───── Data provided
definition loc_vecs :: "'a::field \<Rightarrow> 'a set \<Rightarrow> nat \<Rightarrow> (nat \<Rightarrow> 'a) set" where
  "loc_vecs t M n = {x \<in> vecs n. \<forall>i<n. \<exists>j::nat. \<exists>v\<in>M. x i = v / t ^ j}"

end

theory Submission
  imports Defs "HOL-Library.Function_Algebras" "HOL-Library.Product_Plus"
begin

text \<open>The map \<open>f\<close> is linearized at the origin by the degree-one part \<open>L\<close> of its power series;
  since the absolute value is ultrametric, Cauchy's estimates for the coefficients make the
  remainder quadratically small on small balls. The hypothesis on the differentials says that
  every \<open>y \<in> R\<^sub>0\<^sup>c\<close> has a multiple \<open>t\<^sup>J y\<close> in \<open>L(V\<^sup>a \<times> W\<^sup>b)\<close>; a Baire-type argument using the
  completeness of \<open>R\<^sub>0\<close> makes \<open>J\<close> uniform, which yields an approximate inverse of \<open>L\<close> with values
  in \<open>V\<^sup>a \<times> W\<^sup>b\<close>. Newton's method with this fixed approximate inverse divides the residual by
  \<open>\<alpha>\<close> at each step, and since \<open>V\<close> and \<open>W\<close> are saturated and \<open>t\<close>-adically complete the iterates
  converge inside \<open>V\<^sup>a \<times> W\<^sup>b\<close>.\<close>

type_synonym 'a vec = "nat \<Rightarrow> 'a"
type_synonym 'a vpair = "'a vec \<times> 'a vec"

section \<open>The discrete absolute value\<close>

lemma subringD:
  assumes "subring S"
  shows "0 \<in> S" "1 \<in> S" "x \<in> S \<Longrightarrow> y \<in> S \<Longrightarrow> x + y \<in> S"
    "x \<in> S \<Longrightarrow> y \<in> S \<Longrightarrow> x - y \<in> S" "x \<in> S \<Longrightarrow> y \<in> S \<Longrightarrow> x * y \<in> S"
  using assms unfolding subring_def by auto

lemma subring_uminus: "subring S \<Longrightarrow> x \<in> S \<Longrightarrow> - x \<in> S"
  using subringD(4)[of S 0 x] subringD(1)[of S] by simp

lemma subring_power: "subring S \<Longrightarrow> x \<in> S \<Longrightarrow> x ^ n \<in> S"
  by (induction n) (auto intro: subringD)

lemma is_unit_in_mult: "subring R \<Longrightarrow> is_unit_in R u \<Longrightarrow> is_unit_in R v \<Longrightarrow> is_unit_in R (u * v)"
  unfolding is_unit_in_def by (auto intro: subringD simp: inverse_mult_distrib)

lemma is_unit_in_inverse: "is_unit_in R u \<Longrightarrow> is_unit_in R (inverse u)"
  unfolding is_unit_in_def by auto

locale discretely_valued =
  fixes R0 :: "'a::field set" and t :: 'a and \<alpha> :: real
  assumes dvr: "dvr_frac R0 t" and R0_complete: "t_complete t R0" and alpha_gt_1: "\<alpha> > 1"
begin

abbreviation av :: "'a \<Rightarrow> real" where "av \<equiv> dv_abs R0 t \<alpha>"

abbreviation \<beta> :: real where "\<beta> \<equiv> inverse \<alpha>"

lemma beta_pos: "\<beta> > 0" and beta_less_1: "\<beta> < 1"
  using alpha_gt_1 by (auto simp: field_simps)

lemma R0_subring: "subring R0" and t_in_R0: "t \<in> R0" and t_nonzero: "t \<noteq> 0"
  and inverse_t_notin_R0: "inverse t \<notin> R0"
  using dvr unfolding dvr_frac_def dvr_unif_def by auto

lemmas R0_closed = subringD[OF R0_subring] subring_uminus[OF R0_subring]

lemma tpow_in_R0: "t ^ n \<in> R0"
  using subring_power[OF R0_subring t_in_R0] .

lemma is_unit_in_1: "is_unit_in R0 1"
  unfolding is_unit_in_def using R0_closed by auto

lemma tpow_Suc_not_unit: "\<not> is_unit_in R0 (t ^ Suc d)"
proof
  assume u: "is_unit_in R0 (t ^ Suc d)"
  have "inverse t = t ^ d * inverse (t ^ Suc d)"
    using t_nonzero by (simp add: field_simps)
  also have "\<dots> \<in> R0"
    using u tpow_in_R0 R0_closed(5) unfolding is_unit_in_def by blast
  finally show False using inverse_t_notin_R0 by simp
qed

lemma unit_factorization_unique:
  assumes "is_unit_in R0 u" "is_unit_in R0 u'" "t powi n * u = t powi m * u'"
  shows "n = m"
proof -
  have less: False if "is_unit_in R0 u" "is_unit_in R0 u'" "t powi n * u = t powi m * u'" "m < n"
    for u u' n m
  proof -
    define d where "d = nat (n - m - 1)"
    have d: "n - m = int (Suc d)" using \<open>m < n\<close> unfolding d_def by simp
    have "t powi n = t powi m * t powi (n - m)"
      using t_nonzero by (simp add: power_int_add[symmetric])
    with that(3) have "t powi (n - m) * u = u'"
      using t_nonzero by (simp add: mult.assoc)
    moreover have "t powi (n - m) = t ^ Suc d" using d by (metis power_int_of_nat)
    ultimately have "t ^ Suc d = u' * inverse u"
      using that(1) unfolding is_unit_in_def by (simp add: field_simps)
    thus False
      using tpow_Suc_not_unit is_unit_in_mult[OF R0_subring that(2) is_unit_in_inverse[OF that(1)]]
      by metis
  qed
  show ?thesis
    using less[OF assms] less[OF assms(2,1) assms(3)[symmetric]] not_less_iff_gr_or_eq by blast
qed

definition val :: "'a \<Rightarrow> int" where
  "val x = (THE n. \<exists>u. is_unit_in R0 u \<and> x = t powi n * u)"

lemma val_eqI:
  assumes "is_unit_in R0 u" "x = t powi n * u"
  shows "val x = n"
  unfolding val_def using assms unit_factorization_unique by (intro the_equality) blast+

lemma val_factorization:
  assumes "x \<noteq> 0"
  obtains u where "is_unit_in R0 u" "x = t powi (val x) * u"
proof -
  obtain n u where nu: "is_unit_in R0 u" "x = t powi n * u"
    using dvr assms unfolding dvr_frac_def by blast
  with val_eqI[OF nu] show ?thesis using that by simp
qed

lemma val_mult:
  assumes "x \<noteq> 0" "y \<noteq> 0"
  shows "val (x * y) = val x + val y"
proof -
  obtain u v where u: "is_unit_in R0 u" "x = t powi (val x) * u"
    and v: "is_unit_in R0 v" "y = t powi (val y) * v"
    using val_factorization assms by metis
  have "x * y = t powi (val x + val y) * (u * v)"
    using t_nonzero by (subst u(2), subst v(2)) (simp add: power_int_add mult_ac)
  thus ?thesis using val_eqI is_unit_in_mult[OF R0_subring u(1) v(1)] by blast
qed

lemma val_tpowi: "val (t powi n) = n"
  using val_eqI[OF is_unit_in_1] by simp

lemma mem_R0_iff_val_nonneg:
  assumes "x \<noteq> 0"
  shows "x \<in> R0 \<longleftrightarrow> val x \<ge> 0"
proof
  assume "x \<in> R0"
  then obtain n :: nat and u where "is_unit_in R0 u" "x = t ^ n * u"
    using dvr assms unfolding dvr_frac_def dvr_unif_def by blast
  hence "val x = int n" using val_eqI by (metis power_int_of_nat)
  thus "val x \<ge> 0" by simp
next
  assume "val x \<ge> 0"
  then obtain n :: nat where n: "val x = int n" by (metis nonneg_int_cases)
  obtain u where u: "is_unit_in R0 u" "x = t powi (val x) * u"
    using val_factorization assms by blast
  have "x = t ^ n * u" using u(2) n by (simp add: power_int_of_nat)
  thus "x \<in> R0" using tpow_in_R0 u(1) R0_closed(5) unfolding is_unit_in_def by metis
qed

lemma val_add:
  assumes "x \<noteq> 0" "y \<noteq> 0" "x + y \<noteq> 0"
  shows "val (x + y) \<ge> min (val x) (val y)"
proof -
  define m where "m = min (val x) (val y)"
  have tm: "t powi (- m) \<noteq> 0" using t_nonzero by simp
  have "x * t powi (- m) \<in> R0" "y * t powi (- m) \<in> R0"
    using assms tm val_mult val_tpowi mem_R0_iff_val_nonneg unfolding m_def by auto
  hence "(x + y) * t powi (- m) \<in> R0" using R0_closed(3) by (simp add: distrib_right)
  thus ?thesis
    using mem_R0_iff_val_nonneg[of "(x + y) * t powi (- m)"] assms(3) tm val_mult val_tpowi
    unfolding m_def by simp
qed

lemma av_val: "x \<noteq> 0 \<Longrightarrow> av x = \<alpha> powr (- of_int (val x))"
  unfolding dv_abs_def val_def by simp

lemma av_0 [simp]: "av 0 = 0"
  unfolding dv_abs_def by simp

lemma av_pos: "x \<noteq> 0 \<Longrightarrow> av x > 0"
  using av_val alpha_gt_1 by simp

lemma av_nonneg [simp]: "av x \<ge> 0"
  using av_pos[of x] by (cases "x = 0") auto

lemma av_eq_0_iff [simp]: "av x = 0 \<longleftrightarrow> x = 0"
  using av_pos[of x] by (cases "x = 0") auto

lemma av_mult: "av (x * y) = av x * av y"
  by (cases "x = 0"; cases "y = 0") (auto simp: av_val val_mult powr_add[symmetric] algebra_simps)

lemma av_1 [simp]: "av 1 = 1"
  using val_tpowi[of 0] av_val[of 1] alpha_gt_1 by simp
──────────
**Exercise aim**
Wherever the word "False" turns up in the material, copy the whole line.

**Task output**
  finally show False using inverse_t_notin_R0 by simp
  have less: False if "is_unit_in R0 u" "is_unit_in R0 u'" "t powi n * u = t powi m * u'" "m < n"
    thus False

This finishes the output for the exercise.